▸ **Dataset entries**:
lemma elliptic_F_1_ge_ln:
  assumes "0 < m" "m < 1"
  shows "- ln (1 - m) \<le> elliptic_F 1 m"
proof -
  have pos: "0 < 1 - m * s" if "0 \<le> s" "s \<le> 1" for s
    using one_minus_mult_pos[of m s] assms that by simp
  have hi: "((\<lambda>s. 1 / (1 - m * s)) has_integral (- ln (1 - m * 1) / m - (- ln (1 - m * 0) / m))) {0..1}"
  proof (rule fundamental_theorem_of_calculus_interior)
    show "continuous_on {0..1} (\<lambda>s. - ln (1 - m * s) / m)"
      using pos assms by (intro continuous_intros) force+
    fix s assume s: "s \<in> {0<..<(1::real)}"
    have "((\<lambda>s. - ln (1 - m * s) / m) has_real_derivative 1 / (1 - m * s)) (at s)"
      using pos[of s] s assms by (auto intro!: derivative_eq_intros simp: field_simps)
    then show "((\<lambda>s. - ln (1 - m * s) / m) has_vector_derivative 1 / (1 - m * s)) (at s)"
      by (simp add: has_real_derivative_iff_has_vector_derivative)
  qed simp
  have "integral {0..1} (\<lambda>s. 1 / (1 - m * s)) \<le> integral {0..1} (legendre_kernel m)"
  proof (rule integral_le_open_interval)
    fix s assume "s \<in> {0<..<(1::real)}"
    then show "1 / (1 - m * s) \<le> legendre_kernel m s"
      using legendre_kernel_ge_inverse[of m s] assms by simp
  qed (use assms legendre_kernel_integrable hi in auto)
  moreover have "- ln (1 - m) \<le> - ln (1 - m) / m"
  proof -
    have "0 < - ln (1 - m)" using assms by simp
    then have "- ln (1 - m) * m \<le> - ln (1 - m)"
      using mult_left_le[of m "- ln (1 - m)"] assms by linarith
    then show ?thesis by (subst pos_le_divide_eq[OF assms(1)])
  qed
  ultimately show ?thesis using integral_unique[OF hi] by (simp add: elliptic_F_def)
qed

lemma integral_legendre_kernel_tail_le:
  assumes "0 \<le> m" "m \<le> m0" "m0 < 1" "1/2 \<le> a" "a \<le> 1"
  shows "integral {a..1} (legendre_kernel m) \<le> 2 * sqrt 2 * sqrt (1 - a) / sqrt (1 - m0)"
proof -
  have hi: "((\<lambda>s. 1 / sqrt (1 - s)) has_integral (- 2 * sqrt (1 - 1) - (- 2 * sqrt (1 - a)))) {a..1}"
  proof (rule fundamental_theorem_of_calculus_interior)
    fix s assume s: "s \<in> {a<..<1}"
    have "((\<lambda>s. - 2 * sqrt (1 - s)) has_real_derivative (- 2 * (inverse (sqrt (1 - s)) / 2 * (0 - 1)))) (at s)"
      using s by (intro DERIV_cmult DERIV_chain2[of sqrt _ "\<lambda>s. 1 - s", OF DERIV_real_sqrt]
          derivative_intros) auto
    then show "((\<lambda>s. - 2 * sqrt (1 - s)) has_vector_derivative 1 / sqrt (1 - s)) (at s)"
      by (simp add: has_real_derivative_iff_has_vector_derivative field_simps)
  qed (use assms in \<open>auto intro!: continuous_intros\<close>)
  have "integral {a..1} (legendre_kernel m) \<le> integral {a..1} (\<lambda>s. sqrt 2 / sqrt (1 - m0) * (1 / sqrt (1 - s)))"
  proof (rule integral_le_open_interval)
    fix s assume "s \<in> {a<..<1}"
    then show "legendre_kernel m s \<le> sqrt 2 / sqrt (1 - m0) * (1 / sqrt (1 - s))"
      using legendre_kernel_le_near_1[of m m0 s] assms by simp
  next
    show "(\<lambda>s. sqrt 2 / sqrt (1 - m0) * (1 / sqrt (1 - s))) integrable_on {a..1}"
      using hi by (intro integrable_on_mult_right) blast
  qed (use assms legendre_kernel_integrable in auto)
  also have "\<dots> = sqrt 2 / sqrt (1 - m0) * (2 * sqrt (1 - a))"
    unfolding integral_mult_right integral_unique[OF hi] by simp
  finally show ?thesis by (simp add: algebra_simps)
qed

lemma elliptic_F_1_pos:
  assumes "0 \<le> m" "m < 1"
  shows "0 < elliptic_F 1 m"
  using elliptic_F_ge[of m 1] assms by simp

lemma elliptic_F_nonneg:
  assumes "0 \<le> m" "m < 1" "0 \<le> a" "a \<le> 1"
  shows "0 \<le> elliptic_F a m"
  using elliptic_F_ge[of m a] assms by simp

lemma elliptic_F_ratio_strict_antimono:
  assumes "0 \<le> m1" "m1 < m2" "m2 < 1" "0 < a" "a < 1"
  shows "elliptic_F a m2 / elliptic_F 1 m2 < elliptic_F a m1 / elliptic_F 1 m1"
  unfolding elliptic_F_def
proof (rule integral_fraction_less_of_strict_mono_factor
    [where \<epsilon> = 1 and h = "\<lambda>s. sqrt ((1 - m1 * s) / (1 - m2 * s))"])
  fix s :: real assume s: "s \<in> {0<..<1}"
  then show "0 < sqrt ((1 - m1 * s) / (1 - m2 * s))"
    using assms one_minus_mult_pos[of m1 s] one_minus_mult_pos[of m2 s] by simp
  show "legendre_kernel m2 s = sqrt ((1 - m1 * s) / (1 - m2 * s)) * legendre_kernel m1 s"
    using legendre_kernel_factor[of m1 m2 s] assms s by simp
  show "1 \<le> legendre_kernel m1 s" using legendre_kernel_ge_1[of m1 s] assms s by simp
next
  show "strict_mono_on {0<..<1} (\<lambda>s. sqrt ((1 - m1 * s) / (1 - m2 * s)))"
    using legendre_kernel_factor_strict_mono assms by simp
qed (use assms legendre_kernel_integrable in auto)

lemma elliptic_F_ratio_le_1:
  assumes "0 \<le> m" "m < 1" "0 \<le> a" "a \<le> 1"
  shows "elliptic_F a m / elliptic_F 1 m \<le> 1"
  using elliptic_F_mono_left[of m a 1] elliptic_F_1_pos[of m] assms by simp

lemma elliptic_F_ratio_le_ln:
  assumes "0 < m" "m < 1" "0 \<le> a" "a \<le> b" "b < 1"
  shows "elliptic_F a m / elliptic_F 1 m \<le> 2 / (1 - b) / - ln (1 - m)"
proof (rule frac_le)
  have "2 * sqrt a / (1 - b) \<le> 2 / (1 - b)"
    using assms by (intro divide_right_mono) auto
  then show "elliptic_F a m \<le> 2 / (1 - b)"
    using elliptic_F_le_sqrt[of m a b] assms by simp
qed (use assms elliptic_F_1_ge_ln in auto)

lemma elliptic_F_ratio_tendsto_at_left_1:
  assumes "0 \<le> a" "a < 1"
  shows "((\<lambda>m. elliptic_F a m / elliptic_F 1 m) \<longlongrightarrow> 0) (at_left 1)"
proof (rule tendsto_sandwich[OF _ _ tendsto_const])
  have ev: "eventually (\<lambda>m. m \<in> {0<..<1}) (at_left (1::real))"
    by (rule eventually_at_left_real) simp
  then show "eventually (\<lambda>m. 0 \<le> elliptic_F a m / elliptic_F 1 m) (at_left 1)"
    by eventually_elim (use assms elliptic_F_nonneg elliptic_F_1_pos in auto)
  show "eventually (\<lambda>m. elliptic_F a m / elliptic_F 1 m \<le> 2 / (1 - a) / - ln (1 - m)) (at_left 1)"
    using ev by eventually_elim (use assms elliptic_F_ratio_le_ln in auto)
  show "((\<lambda>m::real. 2 / (1 - a) / - ln (1 - m)) \<longlongrightarrow> 0) (at_left 1)"
    by real_asymp
qed

lemma elliptic_F_ratio_bounds_near_0:
  assumes "0 \<le> m" "m < 1" "0 \<le> a" "a \<le> 1"
  shows "elliptic_F a 0 / elliptic_F 1 0 * sqrt (1 - m) \<le> elliptic_F a m / elliptic_F 1 m"
    and "elliptic_F a m / elliptic_F 1 m \<le> elliptic_F a 0 / elliptic_F 1 0 / sqrt (1 - m)"
proof -
  have s: "0 < sqrt (1 - m)" using assms by simp
  have "elliptic_F a 0 / (elliptic_F 1 0 / sqrt (1 - m)) \<le> elliptic_F a m / elliptic_F 1 m"
    using elliptic_F_mono_right[of 0 m a] elliptic_F_le_elliptic_F_0[of m 1]
      elliptic_F_1_pos[of m] elliptic_F_nonneg[of m a] assms
    by (intro frac_le) auto
  then show "elliptic_F a 0 / elliptic_F 1 0 * sqrt (1 - m) \<le> elliptic_F a m / elliptic_F 1 m"
    by (simp add: field_simps)
  have "elliptic_F a m / elliptic_F 1 m \<le> (elliptic_F a 0 / sqrt (1 - m)) / elliptic_F 1 0"
    using elliptic_F_mono_right[of 0 m 1] elliptic_F_le_elliptic_F_0[of m a]
      elliptic_F_1_pos[of 0] elliptic_F_nonneg[of m a] assms s
    by (intro frac_le) auto
  then show "elliptic_F a m / elliptic_F 1 m \<le> elliptic_F a 0 / elliptic_F 1 0 / sqrt (1 - m)"
    by (metis divide_divide_eq_left mult.commute)
qed

lemma elliptic_F_ratio_tendsto_at_right_0:
  assumes "0 \<le> a" "a \<le> 1"
  shows "((\<lambda>m. elliptic_F a m / elliptic_F 1 m) \<longlongrightarrow> 2 * arcsin (sqrt a) / pi) (at_right 0)"
proof -
  define L where "L = elliptic_F a 0 / elliptic_F 1 0"
  have L: "L = 2 * arcsin (sqrt a) / pi"
    using elliptic_F_0[of a] elliptic_F_0[of 1] assms by (simp add: L_def)
  have ev: "eventually (\<lambda>m. m \<in> {0<..<1}) (at_right (0::real))"
    by (rule eventually_at_right_real) simp
  have "((\<lambda>m. elliptic_F a m / elliptic_F 1 m) \<longlongrightarrow> L) (at_right 0)"
  proof (rule tendsto_sandwich)
    show "eventually (\<lambda>m. L * sqrt (1 - m) \<le> elliptic_F a m / elliptic_F 1 m) (at_right 0)"
      using ev
    proof eventually_elim
      case (elim m)
      then show ?case unfolding L_def using elliptic_F_ratio_bounds_near_0(1)[of m a] assms by simp
    qed
    show "eventually (\<lambda>m. elliptic_F a m / elliptic_F 1 m \<le> L / sqrt (1 - m)) (at_right 0)"
      using ev
    proof eventually_elim
      case (elim m)
      then show ?case unfolding L_def using elliptic_F_ratio_bounds_near_0(2)[of m a] assms by simp
    qed
    have "((\<lambda>m. L * sqrt (1 - m)) \<longlongrightarrow> L * sqrt (1 - 0)) (at_right 0)"
      by (intro tendsto_intros)
    then show "((\<lambda>m. L * sqrt (1 - m)) \<longlongrightarrow> L) (at_right 0)" by simp
    have "((\<lambda>m. L / sqrt (1 - m)) \<longlongrightarrow> L / sqrt (1 - 0)) (at_right 0)"
      by (intro tendsto_intros) auto
    then show "((\<lambda>m. L / sqrt (1 - m)) \<longlongrightarrow> L) (at_right 0)" by simp
  qed
  then show ?thesis unfolding L .
qed

lemma elliptic_F_ratio_ge_tail:
  assumes "0 \<le> m" "m \<le> m0" "m0 < 1" "1/2 \<le> a" "a \<le> 1"
  shows "1 - 2 * sqrt 2 * sqrt (1 - a) / sqrt (1 - m0) \<le> elliptic_F a m / elliptic_F 1 m"
proof -
  define T where "T = integral {a..1} (legendre_kernel m)"
  have F1: "1 \<le> elliptic_F 1 m" using elliptic_F_ge[of m 1] assms by simp
  have "elliptic_F a m / elliptic_F 1 m = 1 - T / elliptic_F 1 m"
    using elliptic_F_add[of m a 1] F1 assms by (simp add: T_def field_simps)
  moreover have "T / elliptic_F 1 m \<le> T"
    using F1 integral_legendre_kernel_ge[of m a 1] assms
    by (simp add: T_def divide_le_eq mult_le_cancel_left1)
  ultimately show ?thesis
    using integral_legendre_kernel_tail_le[OF assms] by (simp add: T_def)
qed

lemma ell_integrand_reciprocal:
  assumes "0 < s"
  shows "ell_integrand l (1 / s) / s\<^sup>2 = legendre_kernel l s"
proof -
  have e: "(1/s) * (1/s - 1) * (1/s - l) = (s * (1 - s) * (1 - l * s)) / (s\<^sup>2)\<^sup>2"
    using assms by (simp add: field_simps power2_eq_square)
  show ?thesis
    unfolding ell_integrand_def legendre_kernel_def e real_sqrt_divide real_sqrt_abs using assms
    by simp
qed

lemma ell_integrand_rescaled:
  assumes "0 < s" "0 < l"
  shows "l * ell_integrand l (l / s) / s\<^sup>2 = ell_integrand l s"
proof -
  have e: "(l/s) * (l/s - 1) * (l/s - l) = l\<^sup>2 * (s * (s - 1) * (s - l)) / (s\<^sup>2)\<^sup>2"
    using assms by (simp add: field_simps power2_eq_square)
  show ?thesis
    unfolding ell_integrand_def e real_sqrt_divide real_sqrt_mult[of "l\<^sup>2"] real_sqrt_abs using assms
    by simp
qed

lemma ell_integrand_eq_legendre_kernel:
  assumes "1 < l"
  shows "ell_integrand l s = sqrt (1 / l) * legendre_kernel (1 / l) s"
proof -
  have e: "s * (s - 1) * (s - l) = l * (s * (1 - s) * (1 - 1 / l * s))"
    using assms by (simp add: field_simps)
  show ?thesis
    unfolding ell_integrand_def legendre_kernel_def e real_sqrt_mult using assms
    by (simp add: real_sqrt_divide)
qed

lemma I_int_eq_elliptic_F:
  assumes "0 < l" "l < 1" "1 \<le> u"
  shows "I_int u l = elliptic_F (1 / u) l"
proof -
  have "legendre_kernel l absolutely_integrable_on {0<..<1/u}"
    using legendre_kernel_absolutely_integrable[of l "1/u"] assms by simp
  then have ai: "(\<lambda>s. 1 / s\<^sup>2 * ell_integrand l (1 / s)) absolutely_integrable_on {0<..<1/u}"
    by (rule absolutely_integrable_spike[OF _ negligible_empty]) (auto simp: ell_integrand_reciprocal)
  have "I_int u l = integral {0..1/u} (\<lambda>s. 1 / s\<^sup>2 * ell_integrand l (1 / s))"
    unfolding I_int_def using assms by (intro integral_Ici_reciprocal_subst ai) auto
  also have "\<dots> = elliptic_F (1 / u) l"
    unfolding elliptic_F_def
    by (rule integral_spike[OF negligible_sing[of 0]]) (auto simp: ell_integrand_reciprocal)
  finally show ?thesis .
qed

▸ **WHAT THE TASK ASKS**:
Return, word for word, the lines of the data above from the line with "< sqrt ((1 - m1" through the line with "m) \<longlongrightarrow> 0)", inclusive.

▸ **SOLUTION TO THIS EXERCISE**:
  then show "0 < sqrt ((1 - m1 * s) / (1 - m2 * s))"
    using assms one_minus_mult_pos[of m1 s] one_minus_mult_pos[of m2 s] by simp
  show "legendre_kernel m2 s = sqrt ((1 - m1 * s) / (1 - m2 * s)) * legendre_kernel m1 s"
    using legendre_kernel_factor[of m1 m2 s] assms s by simp
  show "1 \<le> legendre_kernel m1 s" using legendre_kernel_ge_1[of m1 s] assms s by simp
next
  show "strict_mono_on {0<..<1} (\<lambda>s. sqrt ((1 - m1 * s) / (1 - m2 * s)))"
    using legendre_kernel_factor_strict_mono assms by simp
qed (use assms legendre_kernel_integrable in auto)

lemma elliptic_F_ratio_le_1:
  assumes "0 \<le> m" "m < 1" "0 \<le> a" "a \<le> 1"
  shows "elliptic_F a m / elliptic_F 1 m \<le> 1"
  using elliptic_F_mono_left[of m a 1] elliptic_F_1_pos[of m] assms by simp

lemma elliptic_F_ratio_le_ln:
  assumes "0 < m" "m < 1" "0 \<le> a" "a \<le> b" "b < 1"
  shows "elliptic_F a m / elliptic_F 1 m \<le> 2 / (1 - b) / - ln (1 - m)"
proof (rule frac_le)
  have "2 * sqrt a / (1 - b) \<le> 2 / (1 - b)"
    using assms by (intro divide_right_mono) auto
  then show "elliptic_F a m \<le> 2 / (1 - b)"
    using elliptic_F_le_sqrt[of m a b] assms by simp
qed (use assms elliptic_F_1_ge_ln in auto)

lemma elliptic_F_ratio_tendsto_at_left_1:
  assumes "0 \<le> a" "a < 1"
  shows "((\<lambda>m. elliptic_F a m / elliptic_F 1 m) \<longlongrightarrow> 0) (at_left 1)"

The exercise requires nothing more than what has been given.